Keep it simple! You can build upon this later.

Step 4: Test the Waters and Go Land 5 New Clients.

Before you make any drastic changes to your business, such as letting go of clients, changing your branding and website…

Test the waters first, and verify if this new niche is the direction you want to go.

Go land another 5 clients or so, and that’ll be enough to identify if these are really our ideal clients or not.

You might think they are at first but you’ll know for sure once you serve more of them.

Wrapping Up…

You know now the problems of being a jack-of-all-trades with no clear focus.

Every new client is a ton of work and requires customization…

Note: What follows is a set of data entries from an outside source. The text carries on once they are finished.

lemma left_coprime_common_lower_bound:
  assumes "x \<in> M" "y \<in> M" "left_coprime x y"
    and "w \<in> carrier G" "w \<preceq> x" "w \<preceq> y"
  shows "w \<preceq> \<one>"
proof -
  obtain m where "m \<in> M" "m \<preceq> x" "m \<preceq> y"
    and greatest: "\<And>z. z \<in> carrier G \<Longrightarrow> z \<preceq> x \<Longrightarrow> z \<preceq> y \<Longrightarrow> z \<preceq> m"
    using obtain_meet assms(1,2) by blast
  then have "m = \<one>"
    using assms(3) by (simp add: left_coprime_def)
  then show ?thesis
    using greatest assms(4-6) by simp
qed

end

locale garside_structure = prefix_lattice +
  fixes \<Delta> :: 'a
  assumes Delta_balanced: "balanced G M \<Delta>"
    and Div_Delta_generates: "monoid_gen G (Div G M \<Delta>) = M"
begin

abbreviation \<Phi> where "\<Phi> j x \<equiv> Phi G \<Delta> j x"

lemma Delta_M: "\<Delta> \<in> M"
  using Delta_balanced by (simp add: balanced_def)

lemma Delta_closed [simp]: "\<Delta> \<in> carrier G"
  using Delta_M M_closed by blast

lemma Phi_closed [simp]: "x \<in> carrier G \<Longrightarrow> \<Phi> j x \<in> carrier G"
  by (simp add: Phi_def)

lemma Phi_mult: "x \<in> carrier G \<Longrightarrow> y \<in> carrier G \<Longrightarrow> \<Phi> j (x \<otimes> y) = \<Phi> j x \<otimes> \<Phi> j y"
  by (simp add: Phi_def m_assoc int_pow_neg)

lemma Phi_inv: "x \<in> carrier G \<Longrightarrow> \<Phi> j (inv x) = inv (\<Phi> j x)"
  by (simp add: Phi_def inv_mult_group m_assoc int_pow_neg)

lemma Phi_Phi: "x \<in> carrier G \<Longrightarrow> \<Phi> i (\<Phi> j x) = \<Phi> (i + j) x"
proof -
  assume "x \<in> carrier G"
  moreover have "\<Delta> [^] (- (i + j)) = \<Delta> [^] (- j) \<otimes> \<Delta> [^] (- i)"
    by (simp add: int_pow_mult[symmetric] add.commute)
  ultimately show ?thesis
    by (simp add: Phi_def int_pow_mult m_assoc)
qed

lemma Phi_zero [simp]: "x \<in> carrier G \<Longrightarrow> \<Phi> 0 x = x"
  by (simp add: Phi_def)

lemma Phi_Phi_neg [simp]: "x \<in> carrier G \<Longrightarrow> \<Phi> (- j) (\<Phi> j x) = x"
  by (simp add: Phi_Phi)

lemma Phi_one [simp]: "\<Phi> j \<one> = \<one>"
  by (simp add: Phi_def int_pow_mult[symmetric])

lemma Phi_lprod: "set xs \<subseteq> carrier G \<Longrightarrow> \<Phi> j (lprod G xs) = lprod G (map (\<Phi> j) xs)"
  by (induction xs) (auto simp: Phi_mult lprod_closed)

lemma Phi_Delta_pow [simp]: "\<Phi> j (\<Delta> [^] (i::int)) = \<Delta> [^] i"
  by (simp add: Phi_def int_pow_mult[symmetric])

lemma Div_Delta_iff_left: "s \<in> Div G M \<Delta> \<longleftrightarrow> s \<in> M \<and> inv s \<otimes> \<Delta> \<in> M"
  by (simp add: Div_def DivL_def leL_def)

lemma Div_Delta_iff_right: "s \<in> Div G M \<Delta> \<longleftrightarrow> s \<in> M \<and> \<Delta> \<otimes> inv s \<in> M"
  using Delta_balanced by (simp add: balanced_def Div_def DivR_def leR_def)

lemma left_complement_in_Div:
  assumes "s \<in> Div G M \<Delta>"
  shows "inv s \<otimes> \<Delta> \<in> Div G M \<Delta>"
proof -
  have "s \<in> carrier G"
    using assms by (simp add: Div_Delta_iff_left M_closed)
  then have "\<Delta> \<otimes> inv (inv s \<otimes> \<Delta>) = s"
    by (simp add: inv_mult_group m_assoc[symmetric])
  then show ?thesis
    unfolding Div_Delta_iff_right[of "inv s \<otimes> \<Delta>"] using assms by (simp add: Div_Delta_iff_left)
qed

lemma right_complement_in_Div:
  assumes "s \<in> Div G M \<Delta>"
  shows "\<Delta> \<otimes> inv s \<in> Div G M \<Delta>"
proof -
  have "s \<in> carrier G"
    using assms by (simp add: Div_Delta_iff_left M_closed)
  then have "inv (\<Delta> \<otimes> inv s) \<otimes> \<Delta> = s"
    by (simp add: inv_mult_group m_assoc)
  then show ?thesis
    unfolding Div_Delta_iff_left[of "\<Delta> \<otimes> inv s"] using assms by (simp add: Div_Delta_iff_right)
qed

text \<open>\<open>\<Phi> 1\<close> and \<open>\<Phi> (-1)\<close> are the squares of the right and the left complement
  \<open>s \<mapsto> \<Delta> s\<inverse>\<close> and \<open>s \<mapsto> s\<inverse> \<Delta>\<close>, which permute \<open>Div(\<Delta>)\<close> because \<open>\<Delta>\<close> is balanced.\<close>

lemma Phi_one_minus_one_Div:
  assumes "s \<in> Div G M \<Delta>" "j = 1 \<or> j = -1"
  shows "\<Phi> j s \<in> Div G M \<Delta>"
proof -
  have s: "s \<in> carrier G"
    using assms by (simp add: Div_Delta_iff_left M_closed)
  have "\<Phi> 1 s = \<Delta> \<otimes> inv (\<Delta> \<otimes> inv s)" "\<Phi> (-1) s = inv (inv s \<otimes> \<Delta>) \<otimes> \<Delta>"
    using s by (simp_all add: Phi_def inv_mult_group m_assoc int_pow_neg)
  then show ?thesis
    using assms right_complement_in_Div left_complement_in_Div by auto
qed

lemma M_obtain_Div_word:
  assumes "x \<in> M"
  obtains xs where "set xs \<subseteq> Div G M \<Delta>" "lprod G xs = x"
proof -
  have "x \<in> monoid_gen G (Div G M \<Delta>)"
    using assms Div_Delta_generates by simp
  then show ?thesis
    using that by (auto simp: monoid_gen_def)
qed

lemma Div_Delta_subset_M: "Div G M \<Delta> \<subseteq> M"
  by (auto simp: Div_Delta_iff_left)

lemma Div_Delta_subset_carrier: "Div G M \<Delta> \<subseteq> carrier G"
  using Div_Delta_subset_M M_subset_carrier by blast

lemma Phi_one_minus_one_M:
  assumes "x \<in> M" "j = 1 \<or> j = -1"
  shows "\<Phi> j x \<in> M"
proof -
  obtain xs where xs: "set xs \<subseteq> Div G M \<Delta>" "lprod G xs = x"
    using assms(1) M_obtain_Div_word by blast
  have "set (map (\<Phi> j) xs) \<subseteq> M"
    using xs(1) assms(2) Phi_one_minus_one_Div by (auto simp: Div_Delta_iff_left)
  moreover have "\<Phi> j x = lprod G (map (\<Phi> j) xs)"
    using xs Div_Delta_subset_carrier Phi_lprod by blast
  ultimately show ?thesis
    by (simp add: lprod_in_M)
qed

lemma Phi_M: "x \<in> M \<Longrightarrow> \<Phi> j x \<in> M"
proof (induction j arbitrary: x rule: int_induct[where k = 0])
  case base
  then show ?case
    by (simp add: M_closed)
next
  case (step1 i)
  have "\<Phi> (i + 1) x = \<Phi> 1 (\<Phi> i x)"
    using step1 M_closed by (simp add: Phi_Phi add.commute)
  then show ?case
    using step1 Phi_one_minus_one_M by simp
next
  case (step2 i)
  have "\<Phi> (i - 1) x = \<Phi> (- 1) (\<Phi> i x)"
    using step2 M_closed by (simp add: Phi_Phi)
  then show ?case
    using step2 Phi_one_minus_one_M by simp
qed

lemma Phi_in_M_iff: "x \<in> carrier G \<Longrightarrow> \<Phi> j x \<in> M \<longleftrightarrow> x \<in> M"
  using Phi_M[of x j] Phi_M[of "\<Phi> j x" "- j"] by auto

lemma Phi_leL_iff: "x \<in> carrier G \<Longrightarrow> y \<in> carrier G \<Longrightarrow> \<Phi> j x \<preceq> \<Phi> j y \<longleftrightarrow> x \<preceq> y"
  by (simp add: leL_def Phi_inv[symmetric] Phi_mult[symmetric] Phi_in_M_iff)

lemma Delta_pow_M: "\<Delta> [^] (n::nat) \<in> M"
  by (induction n) (simp_all add: M_mult_closed Delta_M)

lemma Phi_Delta_nat_pow [simp]: "\<Phi> j (\<Delta> [^] (n::nat)) = \<Delta> [^] n"
  using Phi_Delta_pow[of j "int n"] by (simp add: int_pow_int)

lemma Phi_neg_nat: "\<Phi> (- int n) x = inv (\<Delta> [^] n) \<otimes> x \<otimes> \<Delta> [^] n"
  by (simp add: Phi_def int_pow_neg_int int_pow_int)

lemma Phi_nat: "\<Phi> (int n) x = \<Delta> [^] n \<otimes> x \<otimes> inv (\<Delta> [^] n)"
  by (simp add: Phi_def int_pow_neg_int int_pow_int)

lemma leL_mult_right_Delta_pow_iff:
  assumes "x \<in> carrier G" "y \<in> carrier G"
  shows "x \<otimes> \<Delta> [^] (n::nat) \<preceq> y \<otimes> \<Delta> [^] n \<longleftrightarrow> x \<preceq> y"
proof -
  have "inv (x \<otimes> \<Delta> [^] n) \<otimes> (y \<otimes> \<Delta> [^] n) = \<Phi> (- int n) (inv x \<otimes> y)"
    using assms by (simp add: Phi_neg_nat inv_mult_group m_assoc)
  then show ?thesis
    using assms by (simp add: leL_def Phi_in_M_iff)
qed

lemma leL_mult_right_Delta_iff:
  "x \<in> carrier G \<Longrightarrow> y \<in> carrier G \<Longrightarrow> x \<otimes> \<Delta> \<preceq> y \<otimes> \<Delta> \<longleftrightarrow> x \<preceq> y"
  using leL_mult_right_Delta_pow_iff[of x y 1] by simp

lemma mult_leL_Delta_pow_Suc:
  assumes "s \<in> carrier G" "x \<in> carrier G" "s \<preceq> \<Delta>" "x \<preceq> \<Delta> [^] n"
  shows "s \<otimes> x \<preceq> \<Delta> [^] Suc n"
proof -
  have "s \<otimes> x \<preceq> s \<otimes> \<Delta> [^] n"
    using assms by (simp add: leL_mult_left_iff)
  moreover have "s \<otimes> \<Delta> [^] n \<preceq> \<Delta> \<otimes> \<Delta> [^] n"
    using assms by (simp add: leL_mult_right_Delta_pow_iff)
  ultimately have "s \<otimes> x \<preceq> \<Delta> \<otimes> \<Delta> [^] n"
    by (rule leL_trans[rotated 3]) (use assms in simp_all)
  then show ?thesis
    unfolding nat_pow_Suc2[OF Delta_closed] .
qed

lemma letter_leL_Delta:
  assumes "x \<in> Div G M \<Delta> \<union> (\<lambda>x. inv x) ` Div G M \<Delta>"
  shows "x \<in> carrier G" "x \<preceq> \<Delta>"
proof -
  obtain s where s: "s \<in> Div G M \<Delta>" "x = s \<or> x = inv s"
    using assms by blast
  then have "s \<in> M" "inv s \<otimes> \<Delta> \<in> M"
    by (simp_all add: Div_Delta_iff_left)
  moreover have "s \<otimes> \<Delta> \<in> M"
    using \<open>s \<in> M\<close> Delta_M M_mult_closed by blast
  ultimately show "x \<in> carrier G" "x \<preceq> \<Delta>"
    using s(2) M_closed by (auto simp: leL_def)
qed

lemma lprod_leL_Delta_pow:
  "set xs \<subseteq> Div G M \<Delta> \<union> (\<lambda>x. inv x) ` Div G M \<Delta> \<Longrightarrow> lprod G xs \<preceq> \<Delta> [^] length xs"
proof (induction xs)
  case Nil
  then show ?case
    by (simp add: leL_refl)
next
  case (Cons x xs)
  have x: "x \<in> carrier G" "x \<preceq> \<Delta>"
    using Cons.prems(1) letter_leL_Delta by simp_all
  have "set xs \<subseteq> carrier G"
    using Cons.prems Div_Delta_subset_carrier by auto
  then have "x \<otimes> lprod G xs \<preceq> \<Delta> [^] Suc (length xs)"
    using Cons x by (intro mult_leL_Delta_pow_Suc) (simp_all add: lprod_closed)
  then show ?case
    by simp
qed

lemma leL_Delta_pow_if_coprime:
  assumes "y \<in> M" "t \<in> M" "left_coprime t y" "y \<preceq> t \<otimes> \<Delta> [^] (n::nat)"
  shows "y \<preceq> \<Delta> [^] n"
proof -
  define u where "u = y \<otimes> inv (\<Delta> [^] n)"
  have "y \<in> carrier G" "t \<in> carrier G"
    using assms(1,2) by (simp_all add: M_closed)
  then have carrier: "y \<in> carrier G" "t \<in> carrier G" "u \<in> carrier G"
    by (simp_all add: u_def)
  have y: "y = u \<otimes> \<Delta> [^] n"
    using carrier by (simp add: u_def m_assoc)
  have "u \<preceq> t"
    using assms(4) carrier leL_mult_right_Delta_pow_iff y by simp
  moreover have "u \<otimes> \<Delta> [^] n \<preceq> y \<otimes> \<Delta> [^] n"
    unfolding y[symmetric] by (rule leL_mult_right_M[OF carrier(1) Delta_pow_M])
  then have "u \<preceq> y"
    using carrier by (simp add: leL_mult_right_Delta_pow_iff)
  ultimately have "u \<preceq> \<one>"
    using left_coprime_common_lower_bound[OF assms(2,1,3) carrier(3)] by blast
  then show ?thesis
    using carrier leL_mult_right_Delta_pow_iff[of u \<one> n] y by simp
qed

text \<open>The factor \<open>h\<close> is the left gcd \<open>x \<and>\<^sub>L \<Delta>\<close>, i.e. the head of the left-greedy normal form
  of \<open>x\<close>; maximality of \<open>h\<close> makes the rest \<open>h\<inverse>x\<close> coprime to the complement \<open>h\<inverse>\<Delta>\<close>.\<close>

lemma leL_Delta_pow_Suc_split:
  assumes "x \<in> M" "x \<preceq> \<Delta> [^] Suc n"
  obtains h where "h \<in> Div G M \<Delta>" "h \<preceq> x" "inv h \<otimes> x \<preceq> \<Delta> [^] n"
proof -
  obtain h where "h \<in> M" "h \<preceq> x" "h \<preceq> \<Delta>"
    and greatest: "\<And>z. z \<in> carrier G \<Longrightarrow> z \<preceq> x \<Longrightarrow> z \<preceq> \<Delta> \<Longrightarrow> z \<preceq> h"
    using obtain_meet assms(1) Delta_M by blast
  define x' t where "x' = inv h \<otimes> x" and "t = inv h \<otimes> \<Delta>"
  have h: "h \<in> carrier G" "h \<in> Div G M \<Delta>"
    using \<open>h \<in> M\<close> \<open>h \<preceq> \<Delta>\<close> by (simp_all add: M_closed Div_Delta_iff_left leL_def)
  have x': "x' \<in> M" "x' \<in> carrier G" "x = h \<otimes> x'"
    using \<open>h \<preceq> x\<close> assms(1) h by (simp_all add: x'_def leL_def M_closed)
  have t: "t \<in> M" "t \<in> carrier G" "\<Delta> = h \<otimes> t"
    using \<open>h \<preceq> \<Delta>\<close> h by (simp_all add: t_def leL_def M_closed)
  have "\<Delta> [^] Suc n = \<Delta> \<otimes> \<Delta> [^] n"
    by (rule nat_pow_Suc2[OF Delta_closed])
  also have "\<dots> = h \<otimes> (t \<otimes> \<Delta> [^] n)"
    using h(1) by (simp add: t_def m_assoc)
  finally have "h \<otimes> x' \<preceq> h \<otimes> (t \<otimes> \<Delta> [^] n)"
    using assms(2) x'(3) by simp
  then have "x' \<preceq> t \<otimes> \<Delta> [^] n"
    using h x' t by (simp add: leL_mult_left_iff)
  moreover have "left_coprime t x'"
    unfolding left_coprime_def
  proof (intro ballI impI)
    fix w assume "w \<in> M" "w \<preceq> t" "w \<preceq> x'"
    then have "h \<otimes> w \<preceq> h \<otimes> \<one>"
      using greatest[of "h \<otimes> w"] h x' t by (simp add: M_closed leL_mult_left_iff)
    then have "w \<preceq> \<one>"
      using \<open>w \<in> M\<close> h(1) leL_mult_left_iff[of w \<one> h] by (simp add: M_closed)
    with \<open>w \<in> M\<close> show "w = \<one>"
      by (rule leL_one_imp_eq_one)
  qed
  ultimately have "x' \<preceq> \<Delta> [^] n"
    using leL_Delta_pow_if_coprime[OF x'(1) t(1)] by blast
  with h(2) \<open>h \<preceq> x\<close> show ?thesis
    unfolding x'_def by (rule that)
qed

And getting new clients is difficult because there’s nothing that stands out about your agency. You’ll look and sound like everyone else.

This means when you do niche down, and sell 1 offer to 1 target market…

Your workload will decrease. Each new client will be easier to serve than the previous one.

You’ll become world-class at helping your clients from all the focused repetition

You’ll quickly develop a reputation and become a big fish in a small pond.

In every way, it’ll become easier to grow, scale, attract, and retain clients.

Plus, you’ll have more fun and the business will be simpler & easier to run.

And with this knowledge…

You’ve learned the 5 simple steps to niching down.

So…

Time to get to work!

Put this into practice and watch it transform your business.